+++ RECORDS TO USE +++

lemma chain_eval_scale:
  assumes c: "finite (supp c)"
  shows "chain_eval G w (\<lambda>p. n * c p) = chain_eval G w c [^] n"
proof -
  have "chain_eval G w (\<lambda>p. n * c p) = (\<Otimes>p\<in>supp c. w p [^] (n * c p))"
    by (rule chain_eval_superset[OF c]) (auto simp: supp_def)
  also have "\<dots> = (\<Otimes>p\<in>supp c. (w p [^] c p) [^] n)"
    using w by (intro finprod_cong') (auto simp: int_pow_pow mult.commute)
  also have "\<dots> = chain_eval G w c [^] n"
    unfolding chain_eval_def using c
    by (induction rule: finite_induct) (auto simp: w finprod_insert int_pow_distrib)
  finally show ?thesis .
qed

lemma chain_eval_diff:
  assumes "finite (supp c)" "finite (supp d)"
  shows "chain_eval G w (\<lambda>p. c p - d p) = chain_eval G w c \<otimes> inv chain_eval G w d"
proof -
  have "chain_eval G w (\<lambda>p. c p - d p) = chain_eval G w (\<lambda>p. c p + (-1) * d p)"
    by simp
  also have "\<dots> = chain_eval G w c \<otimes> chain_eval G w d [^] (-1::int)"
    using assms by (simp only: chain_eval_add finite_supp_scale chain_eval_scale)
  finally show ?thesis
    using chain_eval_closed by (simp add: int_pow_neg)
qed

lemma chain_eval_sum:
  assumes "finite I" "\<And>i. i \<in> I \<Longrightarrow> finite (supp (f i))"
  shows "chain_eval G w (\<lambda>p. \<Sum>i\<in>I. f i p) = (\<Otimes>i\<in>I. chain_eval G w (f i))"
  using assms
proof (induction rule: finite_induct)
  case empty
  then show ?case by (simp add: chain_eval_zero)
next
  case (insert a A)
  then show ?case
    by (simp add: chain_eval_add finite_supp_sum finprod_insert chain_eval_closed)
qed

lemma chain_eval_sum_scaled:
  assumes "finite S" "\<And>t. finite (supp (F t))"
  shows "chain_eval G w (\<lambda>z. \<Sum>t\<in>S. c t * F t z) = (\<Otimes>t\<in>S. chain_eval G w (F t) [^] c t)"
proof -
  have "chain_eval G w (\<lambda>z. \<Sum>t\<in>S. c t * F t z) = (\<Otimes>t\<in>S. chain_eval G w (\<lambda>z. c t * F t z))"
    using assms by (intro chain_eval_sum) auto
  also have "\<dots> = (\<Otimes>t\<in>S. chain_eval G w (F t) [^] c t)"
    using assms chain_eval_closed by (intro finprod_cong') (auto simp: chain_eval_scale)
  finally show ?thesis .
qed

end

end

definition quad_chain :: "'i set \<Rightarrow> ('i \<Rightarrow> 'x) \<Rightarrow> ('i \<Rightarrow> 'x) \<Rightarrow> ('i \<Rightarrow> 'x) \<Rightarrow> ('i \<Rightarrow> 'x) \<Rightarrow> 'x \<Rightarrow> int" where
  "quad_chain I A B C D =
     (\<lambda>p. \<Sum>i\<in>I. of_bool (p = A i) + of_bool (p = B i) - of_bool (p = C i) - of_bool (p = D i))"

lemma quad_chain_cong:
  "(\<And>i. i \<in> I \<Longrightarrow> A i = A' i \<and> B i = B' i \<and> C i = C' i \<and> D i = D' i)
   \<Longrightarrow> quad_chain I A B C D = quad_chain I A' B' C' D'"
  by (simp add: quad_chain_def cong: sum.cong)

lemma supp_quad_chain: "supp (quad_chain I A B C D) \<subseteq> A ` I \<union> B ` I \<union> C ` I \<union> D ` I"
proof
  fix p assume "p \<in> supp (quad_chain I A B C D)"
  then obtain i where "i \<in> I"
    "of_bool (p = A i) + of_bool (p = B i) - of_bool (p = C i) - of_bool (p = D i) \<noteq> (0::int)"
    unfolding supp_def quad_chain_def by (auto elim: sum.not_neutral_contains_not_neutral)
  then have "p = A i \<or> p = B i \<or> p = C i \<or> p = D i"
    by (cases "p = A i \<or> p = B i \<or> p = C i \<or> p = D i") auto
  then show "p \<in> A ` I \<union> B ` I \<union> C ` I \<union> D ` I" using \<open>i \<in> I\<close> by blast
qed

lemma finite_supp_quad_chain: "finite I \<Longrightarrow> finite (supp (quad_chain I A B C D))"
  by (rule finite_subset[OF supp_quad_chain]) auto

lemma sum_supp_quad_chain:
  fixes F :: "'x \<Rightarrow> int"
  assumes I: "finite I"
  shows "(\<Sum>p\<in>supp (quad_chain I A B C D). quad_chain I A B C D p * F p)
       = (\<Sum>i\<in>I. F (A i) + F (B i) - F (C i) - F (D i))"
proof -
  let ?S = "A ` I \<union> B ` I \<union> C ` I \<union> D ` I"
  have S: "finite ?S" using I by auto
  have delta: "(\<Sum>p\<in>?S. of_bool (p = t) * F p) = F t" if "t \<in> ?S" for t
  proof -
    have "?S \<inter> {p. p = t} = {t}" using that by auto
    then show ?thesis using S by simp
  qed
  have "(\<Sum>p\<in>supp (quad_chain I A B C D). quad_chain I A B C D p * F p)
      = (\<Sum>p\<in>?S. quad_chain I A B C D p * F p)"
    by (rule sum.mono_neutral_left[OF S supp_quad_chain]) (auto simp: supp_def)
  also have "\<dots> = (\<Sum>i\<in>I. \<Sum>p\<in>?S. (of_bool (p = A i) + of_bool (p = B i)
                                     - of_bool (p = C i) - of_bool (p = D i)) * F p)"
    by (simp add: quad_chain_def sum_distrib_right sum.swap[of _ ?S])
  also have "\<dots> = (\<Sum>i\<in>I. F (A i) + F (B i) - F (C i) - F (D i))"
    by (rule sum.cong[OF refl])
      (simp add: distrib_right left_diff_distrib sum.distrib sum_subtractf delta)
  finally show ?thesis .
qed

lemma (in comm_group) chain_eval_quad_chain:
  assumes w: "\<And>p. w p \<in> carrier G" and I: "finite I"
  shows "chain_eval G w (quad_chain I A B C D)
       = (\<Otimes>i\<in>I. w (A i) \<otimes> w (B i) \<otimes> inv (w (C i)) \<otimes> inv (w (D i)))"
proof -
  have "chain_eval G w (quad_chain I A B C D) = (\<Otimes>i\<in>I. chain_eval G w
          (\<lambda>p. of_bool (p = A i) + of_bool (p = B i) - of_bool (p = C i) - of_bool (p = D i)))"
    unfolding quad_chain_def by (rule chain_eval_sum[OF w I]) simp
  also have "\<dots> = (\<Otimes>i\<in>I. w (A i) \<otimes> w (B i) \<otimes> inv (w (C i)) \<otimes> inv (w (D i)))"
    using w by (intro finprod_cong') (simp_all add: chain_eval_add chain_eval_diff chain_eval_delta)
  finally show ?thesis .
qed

+++

INSTRUCTIONS TO FOLLOW:
Your task is to set down again, exactly, every line from the beginning of the listing through the line with "by (rule chain_eval_superset[OF".

YOUR RESPONSE:
lemma chain_eval_scale:
  assumes c: "finite (supp c)"
  shows "chain_eval G w (\<lambda>p. n * c p) = chain_eval G w c [^] n"
proof -
  have "chain_eval G w (\<lambda>p. n * c p) = (\<Otimes>p\<in>supp c. w p [^] (n * c p))"
    by (rule chain_eval_superset[OF c]) (auto simp: supp_def)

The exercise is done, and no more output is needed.